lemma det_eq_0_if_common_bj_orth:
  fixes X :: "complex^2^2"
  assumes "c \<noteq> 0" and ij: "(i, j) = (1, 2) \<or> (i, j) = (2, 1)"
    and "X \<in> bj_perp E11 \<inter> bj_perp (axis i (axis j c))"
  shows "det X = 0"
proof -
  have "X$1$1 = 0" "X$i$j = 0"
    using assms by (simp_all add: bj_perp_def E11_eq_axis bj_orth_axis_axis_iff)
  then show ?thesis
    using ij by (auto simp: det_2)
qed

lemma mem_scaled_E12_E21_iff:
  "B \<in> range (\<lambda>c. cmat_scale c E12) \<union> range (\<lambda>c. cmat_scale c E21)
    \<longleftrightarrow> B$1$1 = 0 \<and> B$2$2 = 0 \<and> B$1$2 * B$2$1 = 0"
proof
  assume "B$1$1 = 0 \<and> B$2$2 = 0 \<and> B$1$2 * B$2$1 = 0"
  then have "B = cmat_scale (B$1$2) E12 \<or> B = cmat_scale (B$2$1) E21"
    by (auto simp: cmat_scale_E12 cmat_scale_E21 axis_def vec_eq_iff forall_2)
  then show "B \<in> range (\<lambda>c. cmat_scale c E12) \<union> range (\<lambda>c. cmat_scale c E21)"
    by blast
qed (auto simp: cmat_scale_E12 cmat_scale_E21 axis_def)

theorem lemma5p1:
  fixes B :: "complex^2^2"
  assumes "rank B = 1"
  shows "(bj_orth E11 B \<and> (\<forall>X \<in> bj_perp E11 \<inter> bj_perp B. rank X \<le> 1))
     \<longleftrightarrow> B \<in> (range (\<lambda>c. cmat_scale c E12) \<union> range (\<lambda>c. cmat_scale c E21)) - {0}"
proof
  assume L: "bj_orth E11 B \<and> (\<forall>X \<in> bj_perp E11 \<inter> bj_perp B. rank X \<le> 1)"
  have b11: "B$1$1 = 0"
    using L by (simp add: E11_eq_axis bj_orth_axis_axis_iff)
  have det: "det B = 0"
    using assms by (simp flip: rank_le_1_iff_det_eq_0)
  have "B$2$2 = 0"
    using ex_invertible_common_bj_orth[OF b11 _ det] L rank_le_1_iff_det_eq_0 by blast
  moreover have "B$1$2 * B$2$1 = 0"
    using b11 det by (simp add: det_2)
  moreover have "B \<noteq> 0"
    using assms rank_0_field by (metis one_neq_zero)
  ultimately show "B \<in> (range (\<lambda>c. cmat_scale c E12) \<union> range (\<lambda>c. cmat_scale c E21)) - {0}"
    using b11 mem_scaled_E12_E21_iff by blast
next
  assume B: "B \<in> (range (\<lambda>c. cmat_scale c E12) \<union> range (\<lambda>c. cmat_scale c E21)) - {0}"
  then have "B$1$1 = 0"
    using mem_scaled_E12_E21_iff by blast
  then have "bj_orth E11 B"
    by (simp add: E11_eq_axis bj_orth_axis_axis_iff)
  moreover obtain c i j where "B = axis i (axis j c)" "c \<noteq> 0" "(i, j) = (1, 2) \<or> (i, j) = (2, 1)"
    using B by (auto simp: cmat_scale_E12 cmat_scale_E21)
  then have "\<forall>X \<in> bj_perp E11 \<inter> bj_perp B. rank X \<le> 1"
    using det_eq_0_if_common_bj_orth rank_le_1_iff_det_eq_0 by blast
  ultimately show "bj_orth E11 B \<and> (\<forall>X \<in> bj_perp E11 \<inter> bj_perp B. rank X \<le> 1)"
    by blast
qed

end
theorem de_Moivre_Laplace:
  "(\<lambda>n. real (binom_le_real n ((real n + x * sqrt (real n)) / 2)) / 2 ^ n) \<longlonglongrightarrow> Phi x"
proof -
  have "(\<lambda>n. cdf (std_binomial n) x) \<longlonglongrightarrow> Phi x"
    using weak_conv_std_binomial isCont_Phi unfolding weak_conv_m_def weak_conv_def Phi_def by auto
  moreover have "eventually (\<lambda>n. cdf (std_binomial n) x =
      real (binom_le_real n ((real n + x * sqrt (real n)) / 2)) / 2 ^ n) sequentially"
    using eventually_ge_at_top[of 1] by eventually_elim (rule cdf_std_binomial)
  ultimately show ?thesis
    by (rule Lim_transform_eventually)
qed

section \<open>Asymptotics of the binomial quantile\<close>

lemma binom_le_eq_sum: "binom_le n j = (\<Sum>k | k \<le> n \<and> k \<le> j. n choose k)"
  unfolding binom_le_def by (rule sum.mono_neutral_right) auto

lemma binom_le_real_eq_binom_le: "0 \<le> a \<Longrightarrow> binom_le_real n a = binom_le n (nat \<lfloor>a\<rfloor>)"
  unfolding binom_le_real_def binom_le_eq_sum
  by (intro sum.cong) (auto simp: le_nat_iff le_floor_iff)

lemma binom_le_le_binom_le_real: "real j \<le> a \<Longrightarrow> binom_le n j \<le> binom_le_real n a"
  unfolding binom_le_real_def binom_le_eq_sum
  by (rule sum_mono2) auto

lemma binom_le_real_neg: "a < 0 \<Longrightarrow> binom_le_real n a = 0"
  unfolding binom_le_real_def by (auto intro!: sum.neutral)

* * *

Task to carry out —
Return every line from the records above that holds the word "thesis".

Answer for this exercise —
  then show ?thesis
  ultimately show ?thesis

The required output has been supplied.